So much for that.
Elliott Management Corp.'s three-step plan to increase the value of BHP Billiton Ltd. by about 50 percent looks to have been shot down by Australia's government.
Allowing the business to reincorporate in the U.K., a central plank of the proposal, would be "unthinkable," Treasurer Scott Morrison said in a statement Thursday. BHP might be committing a criminal offense if it tried to carry out such an undertaking, he added.
That feels pretty definitive -- but there's still the germ of a good idea to be rescued from the wreckage of Elliott's activist campaign. The second part of the plan is something that Gadfly has long favored -- a separation of BHP's oil and gas business.
BHP is unusual in owning oilfields as well as mines. There are few obvious synergies between the businesses, and since the world's oil majors sold out of their coal units over the past few decades, natural resources companies have tended to focus on either solids or liquids.
As a standalone business, BHP's petroleum division would count as one of the world's major exploration and production companies. Output of 240 million barrels of oil equivalent in the most recent fiscal year would have made it the sixth-biggest purely upstream business globally, according to data compiled by Bloomberg.
It looks even better in terms of earnings. Adjusted Ebitda of $3.44 billion over the most recent 12-month period would put the BHP business behind only China and India's state-owned upstream companies and Anadarko Petroleum Corp., the data show.

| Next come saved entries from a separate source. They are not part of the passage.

(* Let $F^a:\mathbb{R}^n\times\mathbb{R}^m\times[0,\infty)\to\mathbb{R}^n$ be an open-loop DT model and $U,V:\mathbb{R}^n\times[0,\infty)\to\mathbb{R}^m$ be control laws. Suppose that (i) $F^a$ is StLC, (ii) $U$ is StL, and (iii) the pair $(U,V)$ is StC. Then $\bar F^a_U$ is EPC with $\bar F^a_V$, where $\bar F^a_U(x,T):=F^a(x,U(x,T),T)$ and $\bar F^a_V(x,T):=F^a(x,V(x,T),T)$.
   Context: $\mathcal{K}_\infty$: continuous, strictly increasing, unbounded $\rho:\mathbb{R}_{\ge0}\to\mathbb{R}_{\ge0}$ with $\rho(0)=0$. StLC: an open-loop DT model $F^a$ is Semiglobally small-time Lipschitz Consistent if for each $M,E\ge0$ there exist $K=K(M,E)>0$, $T^*=T^*(M,E)>0$ such that $|F^a(x,u,T)-F^a(y,v,T)|\le(1+KT)|x-y|+KT|u-v|$ for all $|x|,|y|\le M$, $|u|,|v|\le E$, $T\in[0,T^* )$. StL: $U$ is Semiglobally small-time Lipschitz if for each $M\ge0$ there exist $K=K(M)>0$ and $T^*=T^*(M)>0$, with $T^*(\cdot)$ nonincreasing, such that for all $|x|,|y|\le M$ and $T\in[0,T^* )$: $U(0,T)=0$ and $|U(x,T)-U(y,T)|\le K|x-y|$. StC: the pair $(U,V)$ is Semiglobally small-time convergent Consistent if for each $M\ge0$ there exist $\rho\in\mathcal{K}_\infty$ and $T^*=T^*(M)>0$ such that $|U(x,T)-V(x,T)|\le\rho(T)|x|$ for all $|x|\le M$, $T\in[0,T^* )$. EPC: a closed-loop model $\bar F^a:\mathbb{R}^n\times(0,\infty)\to\mathbb{R}^n$ is Equilibrium-Preserving Consistent with $\bar F^b$ if for each $M\ge0$ there exist $K=K(M)>0$, $T^*=T^*(M)>0$ and $\rho\in\mathcal{K}_\infty$ such that $|\bar F^a(x,T)-\bar F^b(y,T)|\le(1+KT)|x-y|+T\rho(T)\max\{|x|,|y|\}$ for all $|x|,|y|\le M$, $T\in(0,T^* )$. *)

theory Defs
  imports "HOL-Analysis.Analysis"
begin

definition class_K_inf :: "(real \<Rightarrow> real) \<Rightarrow> bool" where
  "class_K_inf \<rho> \<longleftrightarrow> continuous_on {0..} \<rho> \<and> strict_mono_on {0..} \<rho> \<and> \<rho> 0 = 0
     \<and> (\<forall>t\<ge>0. \<rho> t \<ge> 0) \<and> (\<forall>B. \<exists>t\<ge>0. \<rho> t > B)"

definition StLC :: "('n::euclidean_space \<Rightarrow> 'm::euclidean_space \<Rightarrow> real \<Rightarrow> 'n) \<Rightarrow> bool" where
  "StLC F \<longleftrightarrow> (\<forall>M\<ge>0. \<forall>E\<ge>0. \<exists>K>0. \<exists>Ts>0. \<forall>x y u v T.
      norm x \<le> M \<longrightarrow> norm y \<le> M \<longrightarrow> norm u \<le> E \<longrightarrow> norm v \<le> E \<longrightarrow> 0 \<le> T \<longrightarrow> T < Ts \<longrightarrow>
      norm (F x u T - F y v T) \<le> (1 + K * T) * norm (x - y) + K * T * norm (u - v))"

definition StL :: "('n::euclidean_space \<Rightarrow> real \<Rightarrow> 'm::euclidean_space) \<Rightarrow> bool" where
  "StL U \<longleftrightarrow> (\<exists>Ts :: real \<Rightarrow> real. (\<forall>M1 M2. 0 \<le> M1 \<longrightarrow> M1 \<le> M2 \<longrightarrow> Ts M2 \<le> Ts M1) \<and>
      (\<forall>M\<ge>0. Ts M > 0 \<and> (\<exists>K>0. \<forall>x y T. norm x \<le> M \<longrightarrow> norm y \<le> M \<longrightarrow> 0 \<le> T \<longrightarrow> T < Ts M \<longrightarrow>
         U 0 T = 0 \<and> norm (U x T - U y T) \<le> K * norm (x - y))))"

definition StC :: "('n::euclidean_space \<Rightarrow> real \<Rightarrow> 'm::euclidean_space) \<Rightarrow> ('n \<Rightarrow> real \<Rightarrow> 'm) \<Rightarrow> bool" where
  "StC U V \<longleftrightarrow> (\<forall>M\<ge>0. \<exists>\<rho> Ts. class_K_inf \<rho> \<and> Ts > 0 \<and> (\<forall>x T. norm x \<le> M \<longrightarrow> 0 \<le> T \<longrightarrow> T < Ts \<longrightarrow>
      norm (U x T - V x T) \<le> \<rho> T * norm x))"

definition EPC :: "('n::euclidean_space \<Rightarrow> real \<Rightarrow> 'n) \<Rightarrow> ('n \<Rightarrow> real \<Rightarrow> 'n) \<Rightarrow> bool" where
  "EPC Fa Fb \<longleftrightarrow> (\<forall>M\<ge>0. \<exists>K>0. \<exists>Ts>0. \<exists>\<rho>. class_K_inf \<rho> \<and> (\<forall>x y T. norm x \<le> M \<longrightarrow> norm y \<le> M \<longrightarrow> 0 < T \<longrightarrow> T < Ts \<longrightarrow>
      norm (Fa x T - Fb y T) \<le> (1 + K * T) * norm (x - y) + T * \<rho> T * max (norm x) (norm y)))"

end

theory Submission
  imports Defs
begin

text \<open>On a ball of radius M and for small T, the Lipschitz law U with U(0,T) = 0 grows
  linearly, and V stays within \<open>\<rho>(T)|x|\<close> of it; so both controls are bounded by a constant E
  depending only on M. The StLC estimate of the open-loop model for this control bound E then
  gives \<open>|F(x,U x) - F(y,V y)| \<le> (1+K_F T)|x-y| + K_F T (K_U |x-y| + \<rho>(T) max(|x|,|y|))\<close>,
  which is the EPC estimate with gain \<open>K_F(1+K_U)\<close> and comparison function \<open>K_F \<rho>\<close>.\<close>

lemma class_K_inf_nonneg:
  assumes "class_K_inf \<rho>" "0 \<le> t"
  shows "0 \<le> \<rho> t"
  using assms unfolding class_K_inf_def by auto

lemma class_K_inf_mono:
  assumes "class_K_inf \<rho>" "0 \<le> s" "s \<le> t"
  shows "\<rho> s \<le> \<rho> t"
  using assms unfolding class_K_inf_def strict_mono_on_def
  by (cases "s = t") (auto intro: less_imp_le)

lemma class_K_inf_scale:
  assumes "class_K_inf \<rho>" "c > 0"
  shows "class_K_inf (\<lambda>t. c * \<rho> t)"
  unfolding class_K_inf_def
proof (intro conjI allI impI)
  show "continuous_on {0..} (\<lambda>t. c * \<rho> t)"
    using assms unfolding class_K_inf_def by (intro continuous_intros) auto
  show "strict_mono_on {0..} (\<lambda>t. c * \<rho> t)"
    using assms unfolding class_K_inf_def strict_mono_on_def by auto
  show "c * \<rho> 0 = 0"
    using assms unfolding class_K_inf_def by auto
  show "0 \<le> c * \<rho> t" if "0 \<le> t" for t
    using assms class_K_inf_nonneg that by simp
  show "\<exists>t\<ge>0. B < c * \<rho> t" for B
  proof -
    obtain t where "t \<ge> 0" "\<rho> t > B / c"
      using assms unfolding class_K_inf_def by blast
    then show ?thesis
      using assms(2) by (auto simp: field_simps)
  qed
qed

lemma StLC_ballE:
  assumes "StLC F" "0 \<le> M" "0 \<le> E"
  obtains K Ts where "K > 0" "Ts > 0"
    "\<And>x y u v T. norm x \<le> M \<Longrightarrow> norm y \<le> M \<Longrightarrow> norm u \<le> E \<Longrightarrow> norm v \<le> E \<Longrightarrow>
       0 \<le> T \<Longrightarrow> T < Ts \<Longrightarrow>
       norm (F x u T - F y v T) \<le> (1 + K * T) * norm (x - y) + K * T * norm (u - v)"
  using assms(1)[unfolded StLC_def, rule_format, OF assms(2,3)] that by blast

lemma StL_ballE:
  assumes "StL U" "0 \<le> M"
  obtains K Ts where "K > 0" "Ts > 0"
    "\<And>x y T. norm x \<le> M \<Longrightarrow> norm y \<le> M \<Longrightarrow> 0 \<le> T \<Longrightarrow> T < Ts \<Longrightarrow>
       norm (U x T - U y T) \<le> K * norm (x - y)"
    "\<And>x T. norm x \<le> M \<Longrightarrow> 0 \<le> T \<Longrightarrow> T < Ts \<Longrightarrow> norm (U x T) \<le> K * norm x"
proof -
  obtain K Ts where K: "K > 0" "Ts > 0" and U:
    "\<And>x y T. norm x \<le> M \<Longrightarrow> norm y \<le> M \<Longrightarrow> 0 \<le> T \<Longrightarrow> T < Ts \<Longrightarrow>
       U 0 T = 0 \<and> norm (U x T - U y T) \<le> K * norm (x - y)"
    using assms unfolding StL_def by blast
  have "norm (U x T) \<le> K * norm x" if "norm x \<le> M" "0 \<le> T" "T < Ts" for x T
    using U[of x 0 T] U[of 0 0 T] that assms(2) by simp
  with K U that show thesis by blast
qed

lemma StC_ballE:
  assumes "StC U V" "0 \<le> M"
  obtains \<rho> Ts where "class_K_inf \<rho>" "Ts > 0"
    "\<And>x T. norm x \<le> M \<Longrightarrow> 0 \<le> T \<Longrightarrow> T < Ts \<Longrightarrow> norm (U x T - V x T) \<le> \<rho> T * norm x"
  using assms(1)[unfolded StC_def, rule_format, OF assms(2)] that by blast

lemma norm_diff_le_lipschitz_plus_mismatch:
  fixes x y :: "'a::real_normed_vector" and ux uy vy :: "'b::real_normed_vector"
  assumes "norm (ux - uy) \<le> K * norm (x - y)" "norm (uy - vy) \<le> r * norm y" "0 \<le> r"
  shows "norm (ux - vy) \<le> K * norm (x - y) + r * max (norm x) (norm y)"
proof -
  have "norm (ux - vy) \<le> norm (ux - uy) + norm (uy - vy)"
    using norm_triangle_ineq[of "ux - uy" "uy - vy"] by simp
  moreover have "r * norm y \<le> r * max (norm x) (norm y)"
    using assms(3) by (intro mult_left_mono) auto
  ultimately show ?thesis
    using assms(1,2) by linarith
qed

lemma StL_StC_ballE:
  assumes "StL U" "StC U V" "0 \<le> M"
  obtains K \<rho> Ts E where "K > 0" "class_K_inf \<rho>" "Ts > 0" "0 \<le> E"
    "\<And>x T. norm x \<le> M \<Longrightarrow> 0 \<le> T \<Longrightarrow> T < Ts \<Longrightarrow> norm (U x T) \<le> E \<and> norm (V x T) \<le> E"
    "\<And>x y T. norm x \<le> M \<Longrightarrow> norm y \<le> M \<Longrightarrow> 0 \<le> T \<Longrightarrow> T < Ts \<Longrightarrow>
       norm (U x T - V y T) \<le> K * norm (x - y) + \<rho> T * max (norm x) (norm y)"
proof -
  obtain K TU where K: "K > 0" "TU > 0"
    and lip: "\<And>x y T. norm x \<le> M \<Longrightarrow> norm y \<le> M \<Longrightarrow> 0 \<le> T \<Longrightarrow> T < TU \<Longrightarrow>
       norm (U x T - U y T) \<le> K * norm (x - y)"
    and lin: "\<And>x T. norm x \<le> M \<Longrightarrow> 0 \<le> T \<Longrightarrow> T < TU \<Longrightarrow> norm (U x T) \<le> K * norm x"
    using StL_ballE[OF assms(1,3)] by blast
  obtain \<rho> TC where \<rho>: "class_K_inf \<rho>" "TC > 0"
    and UV: "\<And>x T. norm x \<le> M \<Longrightarrow> 0 \<le> T \<Longrightarrow> T < TC \<Longrightarrow> norm (U x T - V x T) \<le> \<rho> T * norm x"
    using StC_ballE[OF assms(2,3)] by blast
  define Ts where "Ts = min TU TC"
  define E where "E = (K + \<rho> TC) * M"
  have E: "0 \<le> E"
    using K \<rho> assms(3) class_K_inf_nonneg unfolding E_def by auto
  have bounded: "norm (U x T) \<le> E \<and> norm (V x T) \<le> E"
    if x: "norm x \<le> M" and T: "0 \<le> T" "T < Ts" for x T
  proof -
    have T': "T < TU" "T < TC"
      using T unfolding Ts_def by auto
    have "\<rho> T * norm x \<le> \<rho> TC * M"
      using x T T' \<rho> class_K_inf_mono class_K_inf_nonneg by (intro mult_mono) auto
    moreover have "K * norm x \<le> K * M"
      using x K by simp
    ultimately have U: "norm (U x T) \<le> K * M" and UV': "norm (U x T - V x T) \<le> \<rho> TC * M"
      using lin[OF x T(1) T'(1)] UV[OF x T(1) T'(2)] by linarith+
    have "norm (V x T) \<le> norm (U x T) + norm (U x T - V x T)"
      using norm_triangle_ineq4[of "U x T" "U x T - V x T"] by simp
    moreover have "0 \<le> \<rho> TC * M"
      using \<rho> assms(3) class_K_inf_nonneg by simp
    ultimately show ?thesis
      using U UV' unfolding E_def by (simp add: distrib_right)
  qed
  have mismatch: "norm (U x T - V y T) \<le> K * norm (x - y) + \<rho> T * max (norm x) (norm y)"
    if "norm x \<le> M" "norm y \<le> M" "0 \<le> T" "T < Ts" for x y T
    using that lip UV \<rho>(1) class_K_inf_nonneg unfolding Ts_def
    by (intro norm_diff_le_lipschitz_plus_mismatch) auto
  have "Ts > 0"
    using K \<rho> unfolding Ts_def by simp
  from that[OF K(1) \<rho>(1) this E bounded mismatch] show thesis .
qed

theorem theorem2:
  fixes Fa :: "real^'n \<Rightarrow> real^'m \<Rightarrow> real \<Rightarrow> real^'n"
    and U V :: "real^'n \<Rightarrow> real \<Rightarrow> real^'m"
  assumes "StLC Fa" and "StL U" and "StC U V"
  shows "EPC (\<lambda>x T. Fa x (U x T) T) (\<lambda>x T. Fa x (V x T) T)"
  unfolding EPC_def
proof (intro allI impI)
  fix M :: real
  assume M: "0 \<le> M"
  obtain KU \<rho> TUV E where KU: "KU > 0" and \<rho>: "class_K_inf \<rho>" and TUV: "TUV > 0" "0 \<le> E"
    and bounded: "\<And>x T. norm x \<le> M \<Longrightarrow> 0 \<le> T \<Longrightarrow> T < TUV \<Longrightarrow> norm (U x T) \<le> E \<and> norm (V x T) \<le> E"
    and mismatch: "\<And>x y T. norm x \<le> M \<Longrightarrow> norm y \<le> M \<Longrightarrow> 0 \<le> T \<Longrightarrow> T < TUV \<Longrightarrow>
       norm (U x T - V y T) \<le> KU * norm (x - y) + \<rho> T * max (norm x) (norm y)"
    using StL_StC_ballE[OF assms(2,3) M] by blast
  obtain KF TF where KF: "KF > 0" "TF > 0"
    and F: "\<And>x y u v T. norm x \<le> M \<Longrightarrow> norm y \<le> M \<Longrightarrow> norm u \<le> E \<Longrightarrow> norm v \<le> E \<Longrightarrow>
       0 \<le> T \<Longrightarrow> T < TF \<Longrightarrow>
       norm (Fa x u T - Fa y v T) \<le> (1 + KF * T) * norm (x - y) + KF * T * norm (u - v)"
    using StLC_ballE[OF assms(1) M TUV(2)] by blast
  show "\<exists>K>0. \<exists>Ts>0. \<exists>\<rho>. class_K_inf \<rho> \<and> (\<forall>x y T. norm x \<le> M \<longrightarrow> norm y \<le> M \<longrightarrow> 0 < T \<longrightarrow> T < Ts \<longrightarrow>
      norm (Fa x (U x T) T - Fa y (V y T) T) \<le> (1 + K * T) * norm (x - y) + T * \<rho> T * max (norm x) (norm y))"
  proof (intro exI conjI allI impI)
    show "0 < KF * (1 + KU)" "0 < min TF TUV"
      using KF KU TUV by auto
    show "class_K_inf (\<lambda>t. KF * \<rho> t)"
      using class_K_inf_scale[OF \<rho> KF(1)] .
    fix x y :: "real^'n" and T :: real
    assume x: "norm x \<le> M" and y: "norm y \<le> M" and T: "0 < T" "T < min TF TUV"
    have "norm (Fa x (U x T) T - Fa y (V y T) T)
        \<le> (1 + KF * T) * norm (x - y) + KF * T * norm (U x T - V y T)"
      using F bounded x y T by simp
    also have "\<dots> \<le> (1 + KF * T) * norm (x - y) + KF * T * (KU * norm (x - y) + \<rho> T * max (norm x) (norm y))"
      using mismatch[OF x y] KF T by (intro add_left_mono mult_left_mono) auto
    finally show "norm (Fa x (U x T) T - Fa y (V y T) T)
        \<le> (1 + KF * (1 + KU) * T) * norm (x - y) + T * (KF * \<rho> T) * max (norm x) (norm y)"
      by (simp add: algebra_simps)
  qed
qed

end
(* Let $A\colon X\to Y$ be a compact linear operator between separable Hilbert spaces with infinite-dimensional range, where $X=L^2(\mathcal{M})$, with singular value decomposition $Ax=\sum_{n=1}^\infty\sigma_n\langle x,v_n\rangle_X u_n$. Let $\eta>0$ and suppose that $$\sum_{n=1}^\infty\sigma_n^\eta\|v_n\|_{L^\infty(\mathcal{M})}^2<\infty.$$ Let $(c_n)_{n\in\mathbb{N}}$ be real numbers with $c_n\ge c_0>0$ for all $n$ and $c_n\le C\sigma_n^{-\beta}$ for all $n\in\mathbb{N}$, for some $C,\beta>0$. For $\alpha>0$ let $T^c_\alpha y=\sum_{n=1}^\infty\frac{\sigma_n}{\sigma_n^2+\alpha c_n}\langle y,u_n\rangle_Y v_n$. Let $y\in V_{2\eta+2\beta}$. Then there exists a constant $C'>0$ such that $$\|A^\dagger y-T^c_\alpha y\|_{L^\infty(\mathcal{M})}\le C'\alpha^{\min\{1,\eta/4\}}\qquad\text{for all }\alpha>0.$$
   Context: $\mathcal{M}$ is a measure space. The SVD consists of orthonormal systems $(u_n)$ in $Y$ and $(v_n)$ in $X$ and a non-increasing sequence $(\sigma_n)$ of positive reals with $\sigma_n\to0$. The pseudoinverse is $A^\dagger y=\sum_{n}\sigma_n^{-1}\langle y,u_n\rangle_Y v_n$. For $\gamma\ge0$, $V_\gamma=\{y\in Y:\sum_{n=1}^\infty|\langle y,u_n\rangle_Y|^2\sigma_n^{-(2+\gamma)}<\infty\}$. *)

theory Defs
  imports "HOL-Probability.Probability"
begin

definition L2_mem :: "'a measure \<Rightarrow> ('a \<Rightarrow> real) \<Rightarrow> bool" where
  "L2_mem M f \<longleftrightarrow> f \<in> borel_measurable M \<and> integrable M (\<lambda>x. (f x)\<^sup>2)"

definition L2_inner :: "'a measure \<Rightarrow> ('a \<Rightarrow> real) \<Rightarrow> ('a \<Rightarrow> real) \<Rightarrow> real" where
  "L2_inner M f g = (\<integral>x. f x * g x \<partial>M)"

definition L2_limit :: "'a measure \<Rightarrow> (nat \<Rightarrow> 'a \<Rightarrow> real) \<Rightarrow> ('a \<Rightarrow> real) \<Rightarrow> bool" where
  "L2_limit M s f \<longleftrightarrow> L2_mem M f \<and>
     ((\<lambda>N. \<integral>x. (f x - s N x)\<^sup>2 \<partial>M) \<longlonglongrightarrow> 0)"

definition Linf_norm :: "'a measure \<Rightarrow> ('a \<Rightarrow> real) \<Rightarrow> ereal" where
  "Linf_norm M f = esssup M (\<lambda>x. ereal \<bar>f x\<bar>)"

definition V_set :: "(nat \<Rightarrow> 'b::real_inner) \<Rightarrow> (nat \<Rightarrow> real) \<Rightarrow> real \<Rightarrow> 'b set" where
  "V_set u \<sigma> \<gamma> = {y. summable (\<lambda>n. (inner y (u n))\<^sup>2 * \<sigma> n powr (-(2 + \<gamma>)))}"

definition pinv_partial :: "(nat \<Rightarrow> 'b::real_inner) \<Rightarrow> (nat \<Rightarrow> 'a \<Rightarrow> real) \<Rightarrow> (nat \<Rightarrow> real)
    \<Rightarrow> 'b \<Rightarrow> nat \<Rightarrow> 'a \<Rightarrow> real" where
  "pinv_partial u v \<sigma> y N = (\<lambda>x. \<Sum>n<N. (1 / \<sigma> n) * inner y (u n) * v n x)"
lemma root_positive_or_negative:
  assumes "b \<in> Phi"
  shows "positive_root b \<or> positive_root (- b)"
proof -
  obtain c :: "nat \<Rightarrow> int" where c: "b = (\<Sum>j\<in>{1..DIM('a)}. of_int (c j) *\<^sub>R alpha j)"
    and "(\<forall>j\<in>{1..DIM('a)}. 0 \<le> c j) \<or> (\<forall>j\<in>{1..DIM('a)}. c j \<le> 0)"
    using simple assms unfolding simple_system_def by blast
  moreover have "- b = (\<Sum>j\<in>{1..DIM('a)}. of_int (- c j) *\<^sub>R alpha j)"
    by (simp add: c sum_negf)
  ultimately show ?thesis
    using assms uminus_root unfolding positive_root_def by (metis neg_0_le_iff_le)
qed

lemma positive_root_not_negative:
  assumes "positive_root b"
  shows "\<not> positive_root (- b)"
proof
  assume "positive_root (- b)"
  then obtain d :: "nat \<Rightarrow> int" where d: "- b = (\<Sum>j\<in>{1..DIM('a)}. of_int (d j) *\<^sub>R alpha j)"
    and d_nonneg: "\<forall>j\<in>{1..DIM('a)}. 0 \<le> d j"
    unfolding positive_root_def by blast
  obtain c :: "nat \<Rightarrow> int" where c: "b = (\<Sum>j\<in>{1..DIM('a)}. of_int (c j) *\<^sub>R alpha j)"
    and c_nonneg: "\<forall>j\<in>{1..DIM('a)}. 0 \<le> c j"
    using assms unfolding positive_root_def by blast
  have "(\<Sum>j\<in>{1..DIM('a)}. of_int (- d j) *\<^sub>R alpha j) = - (\<Sum>j\<in>{1..DIM('a)}. of_int (d j) *\<^sub>R alpha j)"
    by (simp add: sum_negf)
  also have "\<dots> = b"
    by (subst d[symmetric]) simp
  finally have eq: "(\<Sum>j\<in>{1..DIM('a)}. of_int (c j) *\<^sub>R alpha j)
      = (\<Sum>j\<in>{1..DIM('a)}. of_int (- d j) *\<^sub>R alpha j)"
    using c by simp
  have "c j = 0" if "j \<in> {1..DIM('a)}" for j
    using simple_coeffs_unique[OF eq that] c_nonneg d_nonneg that by force
  then have "b = 0"
    unfolding c by (intro sum.neutral) simp
  then show False
    using assms positive_root_root zero_notin_roots by blast
qed

lemma positive_simple_root:
  assumes "j \<in> {1..DIM('a)}"
  shows "positive_root (alpha j)"
proof -
  have "alpha j = (\<Sum>k\<in>{1..DIM('a)}. of_int (0 + (if k = j then 1 else 0)) *\<^sub>R alpha k)"
    using sum_scaleR_add_indicator[of "{1..DIM('a)}" j "\<lambda>_. 0" alpha] assms by simp
  then show ?thesis
    unfolding positive_root_def using simple_root[OF assms] by (intro conjI exI) auto
qed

What might such a company be worth? Elliott has argued for a spinoff of BHP's assets in the Gulf of Mexico and onshore U.S. and puts a price of $22 billion on the business -- but those assets account for less than half of the unit's earnings, with offshore Australian fields making up most of the remainder.
A bolder strategy would be to separate a more diversified oil and gas business that includes the Australian assets. Based on multiples for Devon Energy Corp., EOG Resources Inc., Anadarko, Occidental Petroleum Corp. and Woodside Petroleum Ltd., BHP's 240 million barrels of annual oil production and $3.44 billion of Ebitda would have an enterprise value as high as $58 billion.
That might be overstating it, given BHP's relatively low reserves of oil in the ground. The company would burn through its remaining 1.3 billion barrels of proved reserves in about five-and-a-half years at 2016's production rate, compared with a median of 10 at the peer group. But even on a reserve-based multiple, the business could be worth $31 billion.
BHP investors don't seem to be seeing the value of that in the share price. A very rough sum-of-the-parts valuation of Rio Tinto Group using enterprise value-to-Ebitda multiples gives a valuation of $69.6 billion, pretty close to its current market capitalization of $70.6 billion.
Do the same exercise on BHP's iron ore, copper, petroleum and coal units and you get a figure of about $124.4 billion. That's well above the $86.2 billion the market currently assigns to the company, and pretty much in line with the 50 percent uplift that Elliott sees from its three-part plan. Using the more pessimistic reserves-based multiple for the petroleum unit, it would still be worth $96.4 billion.
Why has BHP remained so reluctant to consider a spinoff, particularly in the wake of its largely successful separation of South32 Ltd.?
Management remain deeply attached to the idea that there are under-appreciated benefits from having a foot in both solids and liquids. BHP has been involved with oil and gas since the 1960s, when it drilled Australia's first offshore well with Esso. Chief Executive Officer Andrew Mackenzie is a veteran of BP Plc, whose enthusiasm for petroleum is undimmed by the tendency of the business to underperform the company's iron ore and copper units.
And then there's that $27 billion uncertainty around valuation. If you could increase shareholder value by 44 percent, a petroleum spinoff would be a no-brainer. For a 12 percent uplift, it's probably not worth the candle.
Still, there's enough of an argument there for any activist shareholder looking to convert fund managers to its cause -- and Elliott founder Paul Singer, who spent 13 years suing Argentina over its 2001 sovereign default, isn't shy of a war of attrition. Round one of this game goes to BHP. There's all to play for in round two.
This column does not necessarily reflect the opinion of Bloomberg LP and its owners.
Freeport McMoRan Inc., one of the handful of other miners to also drill for petroleum, sold much of its oil unit last year and now tends to avoid talking about the business, as if it was an embarrassing uncle.
We're excluding integrated oil businesses such as Exxon Mobil Corp., BP Plc and PetroChina Co., which have upstream and downstream operations.